The material for the first, second or third separation wall can be selected from known insulating materials. For example, a mixture of a widely used low-melting glass with a metal oxide such as alumina can be used. The separation wall can be formed by a screen-printing method, a sand blasting method, a dry film method or a photosensitive method. The above dry film method refers to a method in which a photosensitive film is laminated on a substrate, the photosensitive film on regions where the separation walls are to be formed is removed by exposure and development and a material for the separation wall is filled in opening portions formed by the removal and is calcined or sintered. The photosensitive film is combusted and removed by the calcining or sintering and the material for the separation wall filled in the opening portions remains to constitute the separation walls. The above photosensitive method refers to a method in which a photosensitive material layer for forming the separation wall is formed on a substrate, the material layer is patterned by exposure and development and then the patterned material layer is calcined or sintered. The separation walls may be formed in black to form a so-called black matrix. In this case, a high contrast of the display screen can be attained. The method of forming the black separation walls includes a method in which the separation walls are formed from a color resist material colored in black.

The rare gas to be sealed in the space is required to satisfy the following requirements.

{circle around (1)} The rare gas is chemically stable and permits setting a high gas pressure from the viewpoint of attaining a longer lifetime for the plasma display.
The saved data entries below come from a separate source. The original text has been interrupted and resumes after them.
lemma frak_w_Suc_Suc:
  fixes ty :: "'a::{field,finite} itself"
  assumes r: "1 \<le> r" "r \<le> Suc n" "r \<le> Suc k"
  defines "Q \<equiv> real (card (UNIV :: 'a set))"
  shows "real (frak_w ty r (Suc u) (Suc n) (Suc k))
    = (real (mu ty (Suc u) (Suc n) k) - real (mu ty (Suc u) n k)) * (Q ^ Suc u - Q ^ u)
    + real (frak_w ty (r - 1) (Suc u) n k) * Q ^ Suc u
    + (real (mu ty u (Suc n) k) - real (mu ty u n k)) * (Q ^ Suc n - Q ^ u - Q ^ n + Q ^ u / Q)
    + real (mu ty u n k) * (Q ^ Suc n - Q ^ n)
    - real (frak_w ty (r - 1) u n k) * Q ^ u" (is "_ = ?rhs")
proof -
  let ?C = "carrier_mat (Suc n) k :: 'a mat set"
  let ?Z = "\<lambda>A :: 'a mat. \<forall>j<k. A $$ (0, j) = 0"
  let ?rk = "vec_space.rank (Suc n) :: 'a mat \<Rightarrow> nat"
  have "real (frak_w ty r (Suc u) (Suc n) (Suc k)) = (\<Sum>A\<in>?C.
      real (card {c \<in> carrier_vec (Suc n). ?rk (cons_col c A) = Suc u \<and> tau r (cons_col c A) \<noteq> 0}))"
    unfolding frak_w_def card_carrier_mat_Suc_Collect by simp
  also have "\<dots> = (\<Sum>A\<in>?C.
        (if \<not> ?Z A \<and> ?rk A = Suc u then Q ^ Suc u - Q ^ u else 0)
      + (if ?Z A \<and> ?rk A = Suc u \<and> subdiag_sum r A \<noteq> 0 then Q ^ Suc u else 0)
      + (if \<not> ?Z A \<and> ?rk A = u then Q ^ Suc n - Q ^ u - Q ^ n + Q ^ u / Q else 0)
      + (if ?Z A \<and> ?rk A = u then Q ^ Suc n - Q ^ n else 0)
      - (if ?Z A \<and> ?rk A = u \<and> subdiag_sum r A \<noteq> 0 then Q ^ u else 0))"
    by (rule sum.cong[OF refl],
        rule fvec_space.card_cons_col_rank_tau[where 'a = 'a and n = "Suc n", OF _ r, unfolded diff_Suc_1,
          folded Q_def])
  also have "\<dots> = real (card {A \<in> ?C. \<not> ?Z A \<and> ?rk A = Suc u}) * (Q ^ Suc u - Q ^ u)
      + real (card {A \<in> ?C. ?Z A \<and> ?rk A = Suc u \<and> subdiag_sum r A \<noteq> 0}) * Q ^ Suc u
      + real (card {A \<in> ?C. \<not> ?Z A \<and> ?rk A = u}) * (Q ^ Suc n - Q ^ u - Q ^ n + Q ^ u / Q)
      + real (card {A \<in> ?C. ?Z A \<and> ?rk A = u}) * (Q ^ Suc n - Q ^ n)
      - real (card {A \<in> ?C. ?Z A \<and> ?rk A = u \<and> subdiag_sum r A \<noteq> 0}) * Q ^ u"
    by (simp only: sum.distrib sum_subtractf sum_if_const[OF finite_carrier_mat])
  also have "\<dots> = ?rhs"
    unfolding card_nonzero_first_row_rank[where ty = ty] card_zero_first_row_rank[where ty = ty]
      card_zero_first_row_rank_subdiag_sum[where ty = ty, OF r] by (rule refl)
  finally show ?thesis .
qed

text \<open>Here \<open>p = q\<^sup>u\<close>, \<open>qn = q\<^sup>n\<close>, \<open>qk = q\<^sup>k\<close>, and \<open>M, N, Z, W\<close> at \<open>t = u + 1\<close> and at \<open>u\<close> stand for
  \<open>\<mu>(n+1, k)\<close>, \<open>\<mu>(n, k+1)\<close>, \<open>\<mu>(n, k)\<close> and \<open>\<frak>w\<^sub>r\<^sub>-\<^sub>1(n, k)\<close>.\<close>

lemma recurrence_identity:
  fixes Q p qn qk Mt Mu Nt Nu Zt Zu Wt Wu :: real
  assumes Q: "Q > 1"
    and exchange: "qn * Mu - qk * Nu = p / Q * (Mu - Nu) - p * (Mt - Nt)"
  shows "((Mt - Zt) * (Q * p - p) + Wt * (Q * p) + (Mu - Zu) * (Q * qn - p - qn + p / Q)
      + Zu * (Q * qn - qn) - Wu * p) / (Q - 1)
    = (Q * p * (Wt / (Q - 1)) + p * (Nt - Zt)) - (p * (Wu / (Q - 1)) + p / Q * (Nu - Zu)) + qk * Nu"
proof -
  define d where "d = p / Q"
  define wt where "wt = Wt / (Q - 1)"
  define wu where "wu = Wu / (Q - 1)"
  have p: "p = Q * d" and W: "Wt = (Q - 1) * wt" "Wu = (Q - 1) * wu"
    using Q by (simp_all add: d_def wt_def wu_def)
  let ?R = "Q * (Q * d) * wt + Q * d * (Nt - Zt) - (Q * d * wu + d * (Nu - Zu)) + qk * Nu"
  have "(Mt - Zt) * (Q * (Q * d) - Q * d) + (Q - 1) * wt * (Q * (Q * d))
      + (Mu - Zu) * (Q * qn - Q * d - qn + d) + Zu * (Q * qn - qn) - (Q - 1) * wu * (Q * d)
    = (Q - 1) * ?R + (Q - 1) * ((qn * Mu - qk * Nu) - (d * (Mu - Nu) - Q * d * (Mt - Nt)))"
    by (simp add: algebra_simps)
  moreover have "(qn * Mu - qk * Nu) - (d * (Mu - Nu) - Q * d * (Mt - Nt)) = 0"
    using exchange unfolding d_def[symmetric] unfolding p by simp
  ultimately show ?thesis
    unfolding d_def[symmetric] wt_def[symmetric] wu_def[symmetric] unfolding p W
    using Q by simp
qed

theorem mainTheorem3:
  fixes ty :: "'a::{field,finite} itself" and r t l m :: nat
  assumes "1 \<le> r" and "r \<le> l" and "l \<le> m" and "1 \<le> t" and "t < l"
  shows "hat_w ty r t l m =
           A_term ty l m r t - A_term ty l m r (t - 1)
           + real (card (UNIV :: 'a set)) ^ (m - 1) * real (mu ty (t - 1) (l - 1) m)"
proof -
  obtain n where l: "l = Suc n"
    using assms by (cases l) auto
  obtain k where m: "m = Suc k"
    using assms by (cases m) auto
  obtain u where t: "t = Suc u"
    using assms by (cases t) auto
  have r: "1 \<le> r" "r \<le> Suc n" "r \<le> Suc k"
    using assms l m by auto
  define Q where "Q = real (card (UNIV :: 'a set))"
  have "Q > 1"
    unfolding Q_def using card_UNIV_field_ge_2[where 'a = 'a] by simp
  have powi: "Q powi (int s - 1) = Q ^ s / Q" for s
    using \<open>Q > 1\<close> by (simp add: power_int_diff)
  show ?thesis
    unfolding hat_w_def[of ty r] l m t Q_def[symmetric]
      frak_w_Suc_Suc[where ty = ty, OF r, folded Q_def, unfolded power_Suc]
      recurrence_identity[OF \<open>Q > 1\<close> mu_exchange[of n ty u k, folded Q_def]]
    using \<open>Q > 1\<close> by (simp add: A_term_def hat_w_def powi Q_def[symmetric])
qed

end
{circle around (2)} The rare gas has a high radiation intensity of a vacuum ultraviolet ray from the viewpoint of attaining higher brightness for a display screen.

{circle around (3)} The radiated vacuum ultraviolet ray has a long wavelength from the viewpoint of increasing energy conversion efficiency from vacuum ultraviolet ray to visible light.

{circle around (4)} The discharge start voltage is low from the viewpoint of decreasing power consumption.

As a rare gas, He (wavelength of resonance line=58.4 nm), Ne (ditto=74.4 nm), Ar (ditto=107 nm), Kr (ditto=124 nm) and Xe (ditto=147 nm) can be used alone or as a mixed gas. The mixed gas is particularly useful since a decrease in the discharge start voltage based on a Penning effect can be expected. Examples of the above mixed gas include a Ne—Ar mixed gas, a He—Xe mixed gas and a Ne—Xe mixed gas. Of these rare gases, Xe having the longest resonance line wavelength is suitable since it also radiates an intense ultraviolet ray having a wavelength of 172 nm.

In the present invention, the glow discharge takes place between the first sustain electrode formed on the first substrate and the second sustain electrode formed on the upper portion of the side wall on one side of the first separation wall, that is, pairs of the sustain electrodes are three-dimensionally arranged unlike a conventional plasma display having pairs of sustain electrodes that are arranged on one plane, so that the discharge cell can be decreased in size.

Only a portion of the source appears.